Academic advisers relish work with student-athletes

By Victoria Cortinas

LOGOS STAFF WRITER

Student-athletes at the University of the Incarnate Word have two more advocates to help them stay on track toward graduation – athletics academic advisers Haley Ayres and Ashleigh Smith.

The transition to Division I last year brought in additional rules and regulations for student-athletes regarding academics.

“NCAA Division 1 regulations required for us to bring on an additional academic adviser with the purpose to improve and maintain our academic standing in the division,” Assistant Director of Athletics Angela Lawson said.

“Our job is to make sure that the new regulations are met per student-athlete,” said Ayres, who advises student-athletes participating in baseball, golf, swimming and diving, women’s basketball, softball, volleyball, and men’s soccer.

Ayres holds a bachelor’s degree in English from Washburn University in Topeka, Kan., and a master’s of education with a concentration in workforce development education from the University of Arkansas in Fayetteville. She began her academic advising career in Fayetteville working with the School of Arts and Sciences but had limited experience with student-athletes.
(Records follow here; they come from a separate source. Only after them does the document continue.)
(* The infinite measure on $(\tfrac12,1]\times[-1,\infty)$ with density $\frac{1}{(1+xy)^2}$ (with respect to $dx\,dy$) is $\bar F$-invariant.
   Context: $\bar F:(\tfrac12,1]\times[-1,\infty)\to(\tfrac12,1]\times[-1,\infty)$ (defined Lebesgue-a.e.) is given by $\bar F(x,y)=\left(\frac1x-1,\ \frac{1}{1+y}\right)$ if $x\in(\tfrac12,\tfrac23]$ and $\bar F(x,y)=\left(-\frac1x+2,\ \frac{-1}{2+y}\right)$ if $x\in(\tfrac23,1]$. Invariance means $m(\bar F^{-1}(E))=m(E)$ for all Borel sets $E$, where $m$ is the measure with the given density. *)

theory Defs
  imports "HOL-Analysis.Analysis"
begin

definition Dom :: "(real \<times> real) set" where
  "Dom = {1/2<..1} \<times> {-1..}"

text \<open>The map F-bar (a representative of the a.e.-defined map; the values on the
  null set where the formulas degenerate, e.g. y = -1 in the first branch, are
  those given by Isabelle's convention x / 0 = 0).\<close>
definition Fbar :: "real \<times> real \<Rightarrow> real \<times> real" where
  "Fbar p = (let x = fst p; y = snd p in
     if x \<le> 2/3 then (1/x - 1, 1/(1+y)) else (-1/x + 2, -1/(2+y)))"

definition mu :: "(real \<times> real) measure" where
  "mu = density (restrict_space lborel Dom) (\<lambda>p. ennreal (1 / (1 + fst p * snd p)^2))"

end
Nevertheless, Ayres said she didn’t hesitate at the opportunity to join UIW.

“I knew that I wanted to continue advising, because that’s what I really enjoy doing,” she said. The transition into athletic academic advising this year has been smooth, Ayres said. “I’ve found it to very collaborative, which has definitely made it easier.”

Smith, who was a solo act a few months before Ayers came, advises student-athletes participating in football, women’s soccer, tennis, cross country, track and field, and men’s basketball.
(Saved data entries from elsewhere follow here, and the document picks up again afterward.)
(* Let $\mathcal{P}$, $\mathcal{Q}$ and $\mathcal{R}$ be orthogonal decompositions of the spaces $V_\Omega$, $V_{\Upsilon}$ and $V_{\Gamma}$, respectively, with $V_{\Upsilon} \leq V_\Omega$ and $V_{\Gamma} \leq V_\Omega$. If $\mathcal{Q}$ is structure balanced in relation to $\mathcal{P}$ with efficiency factors $\lambda_{\mathbf{PQ}}$, and $\mathcal{R}$ is structure balanced in relation to $\mathcal{P} \vartriangleright\mathcal{Q}$ with efficiency factors $\lambda_{\mathbf{P} \vartriangleright\mathbf{Q}, \mathbf{R}}$ and $\lambda_{\mathbf{P} \vdash\mathcal{Q}, \mathbf{R}}$, then: (a) $\mathcal{R}$ is structure balanced in relation to $\mathcal{P}$ with efficiency matrix $\Lambda_{\mathcal{PR}}$ whose entries are $\lambda_{\mathbf{P} \mathbf{R}} = \big( \lambda_{\mathbf{P} \vdash \mathcal{Q}, \mathbf{R}} + \sum_{\mathbf{Q} \in\mathcal{Q}}' \lambda_{\mathbf{P} \vartriangleright\mathbf{Q}, \mathbf{R}} \big)$; (b) the decomposition $(\mathcal{P} \vartriangleright\mathcal{Q}) \vartriangleright \mathcal{R}$ is \begin{eqnarray*} & & \{(\mathbf{P} \vartriangleright\mathbf{Q}) \vartriangleright\mathbf{R}\colon\mathbf{P} \in\mathcal{P}, \mathbf{Q} \in\mathcal{Q}, \mathbf{R} \in\mathcal{R}, \lambda_{\mathbf{PQ}} \neq0, \lambda_{\mathbf{P} \vartriangleright \mathbf{Q}, \mathbf{R}} \neq0 \} \\ &&\qquad{}\cup \{(\mathbf{P} \vartriangleright\mathbf{Q}) \vdash\mathcal{R}\colon\mathbf{P} \in\mathcal{P}, \mathbf{Q} \in\mathcal{Q}, \lambda_{\mathbf{PQ}} \neq0 \} \\ &&\qquad{}\cup \{(\mathbf{P} \vdash\mathcal{Q}) \vartriangleright\mathbf{R}\colon\mathbf{P} \in\mathcal{P}, \mathbf{R} \in\mathcal{R}, \lambda_{\mathbf{P} \vdash\mathcal{Q}, \mathbf{R}} \neq0 \} \\ &&\qquad{}\cup \{(\mathbf{P} \vdash\mathcal{Q}) \vdash\mathcal{R}\colon\mathbf{P} \in\mathcal{P} \}. \end{eqnarray*}
   Context: $\Omega$ is a finite set of observational units and $V_\Omega$ the space of real vectors indexed by $\Omega$; $\Upsilon$ and $\Gamma$ are further finite sets whose vector spaces are identified (via allocation functions $\Omega\to\Upsilon$, $\Omega\to\Gamma$) with subspaces $V_\Upsilon, V_\Gamma$ of $V_\Omega$. An orthogonal decomposition (structure) of a space is identified with the complete set of mutually orthogonal idempotent (projection) matrices onto its subspaces; all these are regarded as $\Omega\times\Omega$ matrices. For idempotents $\mathbf{P}$ and $\mathbf{Q}$, $\mathbf{Q}$ has first-order balance in relation to $\mathbf{P}$ if $\mathbf{QPQ}=\lambda_{\mathbf{PQ}}\mathbf{Q}$ for a scalar $\lambda_{\mathbf{PQ}}$ (the efficiency factor); if $\lambda_{\mathbf{PQ}}\neq 0$, $\mathbf{P}\vartriangleright\mathbf{Q}=\lambda_{\mathbf{PQ}}^{-1}\mathbf{PQP}$, the projector onto $\operatorname{Im}\mathbf{PQ}$. A structure $\mathcal{Q}$ is structure balanced in relation to a structure $\mathcal{P}$ if every element of $\mathcal{Q}$ has first-order balance in relation to every element of $\mathcal{P}$ and $\mathbf{Q}_1\mathbf{P}\mathbf{Q}_2=\mathbf{0}$ for all $\mathbf{P}\in\mathcal{P}$ and distinct $\mathbf{Q}_1,\mathbf{Q}_2\in\mathcal{Q}$. Then $\mathbf{P}\vdash\mathcal{Q}=\mathbf{P}-\sum'_{\mathbf{Q}\in\mathcal{Q}}\mathbf{P}\vartriangleright\mathbf{Q}$, where $\sum'_{\mathbf{Q}\in\mathcal{Q}}$ denotes summation over those $\mathbf{Q}$ with $\lambda_{\mathbf{PQ}}\neq0$; and the decomposition $\mathcal{P}\vartriangleright\mathcal{Q}$ of $V_\Omega$ consists of the (nonzero) idempotents $\mathbf{P}\vartriangleright\mathbf{Q}$ ($\lambda_{\mathbf{PQ}}\neq0$) and $\mathbf{P}\vdash\mathcal{Q}$ for $\mathbf{P}\in\mathcal{P}$, $\mathbf{Q}\in\mathcal{Q}$. The operations $\vartriangleright$ and $\vdash$ are applied in the same way to elements of $\mathcal{P}\vartriangleright\mathcal{Q}$ and $\mathcal{R}$; $\lambda_{\mathbf{P} \vartriangleright\mathbf{Q}, \mathbf{R}}$ and $\lambda_{\mathbf{P} \vdash\mathcal{Q}, \mathbf{R}}$ are the efficiency factors of $\mathbf{R}$ in relation to $\mathbf{P}\vartriangleright\mathbf{Q}$ and $\mathbf{P}\vdash\mathcal{Q}$. This is the setting of unrandomized-inclusive randomizations: $\Upsilon$ is randomized to $\Omega$, then $\Gamma$ is randomized to $\Omega$ taking account of the first randomization. *)

theory Defs
  imports "HOL-Analysis.Analysis"
begin

text \<open>Observational units Omega are modelled by a finite type 'n; Omega x Omega real
matrices are elements of real^'n^'n; V_Omega is the whole space real^'n.\<close>

definition orth_proj :: "real^'n^'n \<Rightarrow> bool" where
  "orth_proj M \<longleftrightarrow> M ** M = M \<and> transpose M = M"

definition orth_decomp :: "(real^'n^'n) set \<Rightarrow> (real^'n) set \<Rightarrow> bool" where
  "orth_decomp S V \<longleftrightarrow> subspace V \<and> finite S
     \<and> (\<forall>P\<in>S. orth_proj P \<and> P \<noteq> 0)
     \<and> (\<forall>P1\<in>S. \<forall>P2\<in>S. P1 \<noteq> P2 \<longrightarrow> P1 ** P2 = 0)
     \<and> (\<forall>x. (\<Sum>S) *v x \<in> V) \<and> (\<forall>x\<in>V. (\<Sum>S) *v x = x)"

definition first_order_balance :: "real^'n^'n \<Rightarrow> real^'n^'n \<Rightarrow> bool" where
  "first_order_balance Q P \<longleftrightarrow> (\<exists>l. Q ** P ** Q = l *\<^sub>R Q)"

definition structure_balanced :: "(real^'n^'n) set \<Rightarrow> (real^'n^'n) set \<Rightarrow> bool" where
  "structure_balanced Qs Ps \<longleftrightarrow>
     (\<forall>Q\<in>Qs. \<forall>P\<in>Ps. first_order_balance Q P)
     \<and> (\<forall>P\<in>Ps. \<forall>Q1\<in>Qs. \<forall>Q2\<in>Qs. Q1 \<noteq> Q2 \<longrightarrow> Q1 ** P ** Q2 = 0)"

text \<open>Efficiency factor lambda_PQ of Q in relation to P (unique when Q is nonzero).\<close>
definition eff :: "real^'n^'n \<Rightarrow> real^'n^'n \<Rightarrow> real" where
  "eff P Q = (THE l. Q ** P ** Q = l *\<^sub>R Q)"

definition tri :: "real^'n^'n \<Rightarrow> real^'n^'n \<Rightarrow> real^'n^'n" where
  "tri P Q = inverse (eff P Q) *\<^sub>R (P ** Q ** P)"

definition residual :: "real^'n^'n \<Rightarrow> (real^'n^'n) set \<Rightarrow> real^'n^'n" where
  "residual P Qs = P - (\<Sum>Q\<in>{Q\<in>Qs. eff P Q \<noteq> 0}. tri P Q)"

definition decomp :: "(real^'n^'n) set \<Rightarrow> (real^'n^'n) set \<Rightarrow> (real^'n^'n) set" where
  "decomp Ps Qs = ({tri P Q | P Q. P \<in> Ps \<and> Q \<in> Qs \<and> eff P Q \<noteq> 0}
                   \<union> {residual P Qs | P. P \<in> Ps}) - {0}"

end

theory Submission
  imports Defs
begin

text \<open>By the definition of the residual, every P in Ps splits as
P = residual P Qs + (sum of tri P Q over Q with eff P Q \<noteq> 0), a sum of members of
decomp Ps Qs or zero matrices. Structure balance of Rs in relation to decomp Ps Qs says
that R1 ** X ** R2 vanishes for R1 \<noteq> R2 and is the multiple eff X R of R for
R1 = R2 = R; both properties are additive in X, so they pass to P, with the efficiency
factors adding up. Part (b) is then bookkeeping: the zero members of decomp Ps Qs only
produce the zero matrix.\<close>

lemma matrix_add_rdistrib: "(B + C) ** A = B ** A + C ** (A::'a::semiring_1^'p^'n)"
  by (vector matrix_matrix_mult_def sum.distrib[symmetric] field_simps)

lemma matrix_sandwich_add: "L ** (X + Y) ** R = L ** X ** R + L ** Y ** (R::'a::semiring_1^'p^'n)"
  by (simp add: matrix_add_ldistrib matrix_add_rdistrib)

lemma matrix_sandwich_sum:
  "finite I \<Longrightarrow> L ** (\<Sum>i\<in>I. f i) ** R = (\<Sum>i\<in>I. L ** f i ** (R::'a::semiring_1^'p^'n))"
  by (induction I rule: finite_induct) (simp_all add: matrix_sandwich_add)

lemma eff_eqI:
  assumes "(R::real^'n^'n) \<noteq> 0" "R ** X ** R = l *\<^sub>R R"
  shows "eff X R = l"
  unfolding eff_def
proof (rule the_equality)
  fix m assume "R ** X ** R = m *\<^sub>R R"
  with assms show "m = l" by (simp add: scaleR_cancel_right)
qed (fact assms(2))

lemma eff_zero_left: "(R::real^'n^'n) \<noteq> 0 \<Longrightarrow> eff 0 R = 0"
  by (rule eff_eqI) simp_all

lemma eff_zero_left_mem: "0 \<notin> Rs \<Longrightarrow> R \<in> Rs \<Longrightarrow> eff 0 R = 0"
  by (rule eff_zero_left) blast

lemma residual_zero_left:
  assumes "0 \<notin> Rs"
  shows "residual 0 Rs = 0"
proof -
  have "{R \<in> Rs. eff 0 R \<noteq> 0} = {}"
    using eff_zero_left_mem[OF assms] by blast
  then show ?thesis
    unfolding residual_def by (simp only: sum.empty diff_zero)
qed

lemma residual_add_sum_tri: "P = residual P Qs + (\<Sum>Q\<in>{Q\<in>Qs. eff P Q \<noteq> 0}. tri P Q)"
  unfolding residual_def by (rule diff_add_cancel[symmetric])

lemma tri_mem_decomp: "P \<in> Ps \<Longrightarrow> Q \<in> Qs \<Longrightarrow> eff P Q \<noteq> 0 \<Longrightarrow> tri P Q \<in> insert 0 (decomp Ps Qs)"
  unfolding decomp_def by blast

lemma residual_mem_decomp: "P \<in> Ps \<Longrightarrow> residual P Qs \<in> insert 0 (decomp Ps Qs)"
  unfolding decomp_def by blast

lemma structure_balanced_sandwich:
  assumes balanced: "structure_balanced Rs Ds" and "0 \<notin> Rs"
    and X: "X \<in> insert 0 Ds" and R: "R1 \<in> Rs" "R2 \<in> Rs"
  shows "R1 ** X ** R2 = (if R1 = R2 then eff X R1 *\<^sub>R R1 else 0)"
proof -
  have "R1 \<noteq> 0"
    using R(1) \<open>0 \<notin> Rs\<close> by blast
  show ?thesis
  proof (cases "X = 0")
    case True
    with \<open>R1 \<noteq> 0\<close> show ?thesis
      by (simp add: eff_zero_left)
  next
    case False
    with X have "X \<in> Ds" by simp
    show ?thesis
    proof (cases "R1 = R2")
      case True
      obtain l where l: "R1 ** X ** R1 = l *\<^sub>R R1"
        using balanced \<open>X \<in> Ds\<close> R(1)
        unfolding structure_balanced_def first_order_balance_def by blast
      from \<open>R1 \<noteq> 0\<close> l have "eff X R1 = l"
        by (rule eff_eqI)
      with l True show ?thesis by simp
    next
      case False
      with balanced \<open>X \<in> Ds\<close> R have "R1 ** X ** R2 = 0"
        unfolding structure_balanced_def by blast
      with False show ?thesis by simp
    qed
  qed
qed

lemma structure_balanced_sandwich_decomp:
  assumes "structure_balanced Rs (decomp Ps Qs)" "0 \<notin> Rs" "finite Qs"
    and "P \<in> Ps" "R1 \<in> Rs" "R2 \<in> Rs"
  shows "R1 ** P ** R2 = (if R1 = R2
           then (eff (residual P Qs) R1 + (\<Sum>Q\<in>{Q\<in>Qs. eff P Q \<noteq> 0}. eff (tri P Q) R1)) *\<^sub>R R1
           else 0)"
proof -
  let ?S = "{Q\<in>Qs. eff P Q \<noteq> 0}"
  note sandwich = structure_balanced_sandwich[OF assms(1,2) _ assms(5,6)]
  have "finite ?S"
    using assms(3) by simp
  have "R1 ** P ** R2 = R1 ** (residual P Qs + (\<Sum>Q\<in>?S. tri P Q)) ** R2"
    using residual_add_sum_tri[of P Qs] by (rule arg_cong)
  also have "\<dots> = R1 ** residual P Qs ** R2 + (\<Sum>Q\<in>?S. R1 ** tri P Q ** R2)"
    by (simp only: matrix_sandwich_add matrix_sandwich_sum[OF \<open>finite ?S\<close>])
  also have "\<dots> = (if R1 = R2 then eff (residual P Qs) R1 *\<^sub>R R1 else 0)
                   + (\<Sum>Q\<in>?S. if R1 = R2 then eff (tri P Q) R1 *\<^sub>R R1 else 0)"
  proof (rule arg_cong2[where f = "(+)"])
    show "R1 ** residual P Qs ** R2 = (if R1 = R2 then eff (residual P Qs) R1 *\<^sub>R R1 else 0)"
      by (rule sandwich[OF residual_mem_decomp[OF assms(4)]])
    show "(\<Sum>Q\<in>?S. R1 ** tri P Q ** R2) = (\<Sum>Q\<in>?S. if R1 = R2 then eff (tri P Q) R1 *\<^sub>R R1 else 0)"
    proof (rule sum.cong)
      fix Q assume "Q \<in> ?S"
      with assms(4) have "tri P Q \<in> insert 0 (decomp Ps Qs)"
        by (intro tri_mem_decomp) auto
      then show "R1 ** tri P Q ** R2 = (if R1 = R2 then eff (tri P Q) R1 *\<^sub>R R1 else 0)"
        by (rule sandwich)
    qed (rule refl)
  qed
  finally show ?thesis
    by (cases "R1 = R2") (simp_all add: scaleR_add_left scaleR_sum_left)
qed

lemma decomp_insert_zero:
  assumes "0 \<notin> Rs"
  shows "decomp (insert 0 Ds) Rs = decomp Ds Rs"
  unfolding decomp_def using eff_zero_left_mem[OF assms] residual_zero_left[OF assms] by auto

lemma insert_zero_decomp:
  "insert 0 (decomp Ps Qs) =
   insert 0 ({tri P Q | P Q. P \<in> Ps \<and> Q \<in> Qs \<and> eff P Q \<noteq> 0} \<union> {residual P Qs | P. P \<in> Ps})"
  unfolding decomp_def by blast

lemma decomp_decomp:
  assumes "0 \<notin> Rs"
  shows "decomp (decomp Ps Qs) Rs =
         ({tri (tri P Q) R | P Q R. P \<in> Ps \<and> Q \<in> Qs \<and> R \<in> Rs \<and> eff P Q \<noteq> 0
                                    \<and> eff (tri P Q) R \<noteq> 0}
          \<union> {residual (tri P Q) Rs | P Q. P \<in> Ps \<and> Q \<in> Qs \<and> eff P Q \<noteq> 0}
          \<union> {tri (residual P Qs) R | P R. P \<in> Ps \<and> R \<in> Rs \<and> eff (residual P Qs) R \<noteq> 0}
          \<union> {residual (residual P Qs) Rs | P. P \<in> Ps}) - {0}"
    (is "_ = (?TT \<union> ?RT \<union> ?TR \<union> ?RR) - {0}")
proof -
  let ?Tris = "{tri P Q | P Q. P \<in> Ps \<and> Q \<in> Qs \<and> eff P Q \<noteq> 0}"
  let ?Residuals = "{residual P Qs | P. P \<in> Ps}"
  have "decomp (decomp Ps Qs) Rs = decomp (insert 0 (decomp Ps Qs)) Rs"
    by (rule decomp_insert_zero[OF assms, symmetric])
  also have "\<dots> = decomp (insert 0 (?Tris \<union> ?Residuals)) Rs"
    by (simp only: insert_zero_decomp)
  also have "\<dots> = decomp (?Tris \<union> ?Residuals) Rs"
    by (rule decomp_insert_zero[OF assms])
  also have "\<dots> = ({tri X R | X R. X \<in> ?Tris \<union> ?Residuals \<and> R \<in> Rs \<and> eff X R \<noteq> 0}
                   \<union> {residual X Rs | X. X \<in> ?Tris \<union> ?Residuals}) - {0}"
    unfolding decomp_def ..
  also have "{tri X R | X R. X \<in> ?Tris \<union> ?Residuals \<and> R \<in> Rs \<and> eff X R \<noteq> 0} = ?TT \<union> ?TR"
    by blast
  also have "{residual X Rs | X. X \<in> ?Tris \<union> ?Residuals} = ?RT \<union> ?RR"
    by blast
  finally show ?thesis
    by (simp only: Un_ac)
qed

theorem theorem1:
  fixes Ps Qs Rs :: "(real^'n^'n) set" and VU VG :: "(real^'n) set"
  assumes "orth_decomp Ps UNIV"
    and "orth_decomp Qs VU"
    and "orth_decomp Rs VG"
    and "structure_balanced Qs Ps"
    and "structure_balanced Rs (decomp Ps Qs)"
  shows "(structure_balanced Rs Ps
         \<and> (\<forall>P\<in>Ps. \<forall>R\<in>Rs. eff P R =
               eff (residual P Qs) R + (\<Sum>Q\<in>{Q\<in>Qs. eff P Q \<noteq> 0}. eff (tri P Q) R)))
         \<and> decomp (decomp Ps Qs) Rs =
         ({tri (tri P Q) R | P Q R. P \<in> Ps \<and> Q \<in> Qs \<and> R \<in> Rs \<and> eff P Q \<noteq> 0
                                    \<and> eff (tri P Q) R \<noteq> 0}
          \<union> {residual (tri P Q) Rs | P Q. P \<in> Ps \<and> Q \<in> Qs \<and> eff P Q \<noteq> 0}
          \<union> {tri (residual P Qs) R | P R. P \<in> Ps \<and> R \<in> Rs \<and> eff (residual P Qs) R \<noteq> 0}
          \<union> {residual (residual P Qs) Rs | P. P \<in> Ps}) - {0}"
proof -
  have "0 \<notin> Rs" and "finite Qs"
    using assms(2,3) unfolding orth_decomp_def by auto
  note sandwich = structure_balanced_sandwich_decomp[OF assms(5) this]
  let ?eff = "\<lambda>P R. eff (residual P Qs) R + (\<Sum>Q\<in>{Q\<in>Qs. eff P Q \<noteq> 0}. eff (tri P Q) R)"
  have diagonal: "R ** P ** R = ?eff P R *\<^sub>R R" if "P \<in> Ps" "R \<in> Rs" for P R
    using sandwich[OF that that(2)] by simp
  have off_diagonal: "R1 ** P ** R2 = 0" if "P \<in> Ps" "R1 \<in> Rs" "R2 \<in> Rs" "R1 \<noteq> R2" for P R1 R2
    using sandwich[OF that(1-3)] that(4) by simp
  have "structure_balanced Rs Ps"
    unfolding structure_balanced_def first_order_balance_def
    using diagonal off_diagonal by blast
  moreover have "\<forall>P\<in>Ps. \<forall>R\<in>Rs. eff P R = ?eff P R"
  proof (intro ballI)
    fix P R assume "P \<in> Ps" "R \<in> Rs"
    with \<open>0 \<notin> Rs\<close> have "R \<noteq> 0" by blast
    from this diagonal[OF \<open>P \<in> Ps\<close> \<open>R \<in> Rs\<close>] show "eff P R = ?eff P R"
      by (rule eff_eqI)
  qed
  moreover note decomp_decomp[OF \<open>0 \<notin> Rs\<close>]
  ultimately show ?thesis
    by (intro conjI)
qed

end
Smith, who played softball at the University of the Arkansas-Pine Bluff, holds a bachelor’s degree in mathematics from that institution and a master’s degree in education with an emphasis in higher education from Iowa State University in Ames.

Her background as a student-athlete helps her relate, Smith said.

“I too spent my years in college as a student-athlete so I remember all of those hardships really well,” said Smith. “My job now is to work with the student’s primary adviser to make sure that those obstacles don’t kick them off their track to graduation, and that they stay eligible to play.”

Each student-athlete has their primary adviser within their individual major that they still go to for their academic advising, the athletic advisers emphasized.

“We step in and work with their advisers to check on their ‘progress toward degree’ and make sure that they graduate within the five-year Division 1 requirement,” Smith said.

“We also make sure that if they are struggling, that they receive any additional assistance, whether it’s connecting them with a tutor, or going to their required ‘study hall,’” Ayres added. “One of our primary focuses is to keep them eligible to play. Really we’re just serving as a support system for each student, because they’ve got a lot on their plate.”

“They’ve got a lot of responsibilities to keep up with and we really want to make sure that they know we’re available for them to help them get through to the other side,” Smith said.

“You have to remember, they’re students first, so graduation is still the first priority,” Ayres said.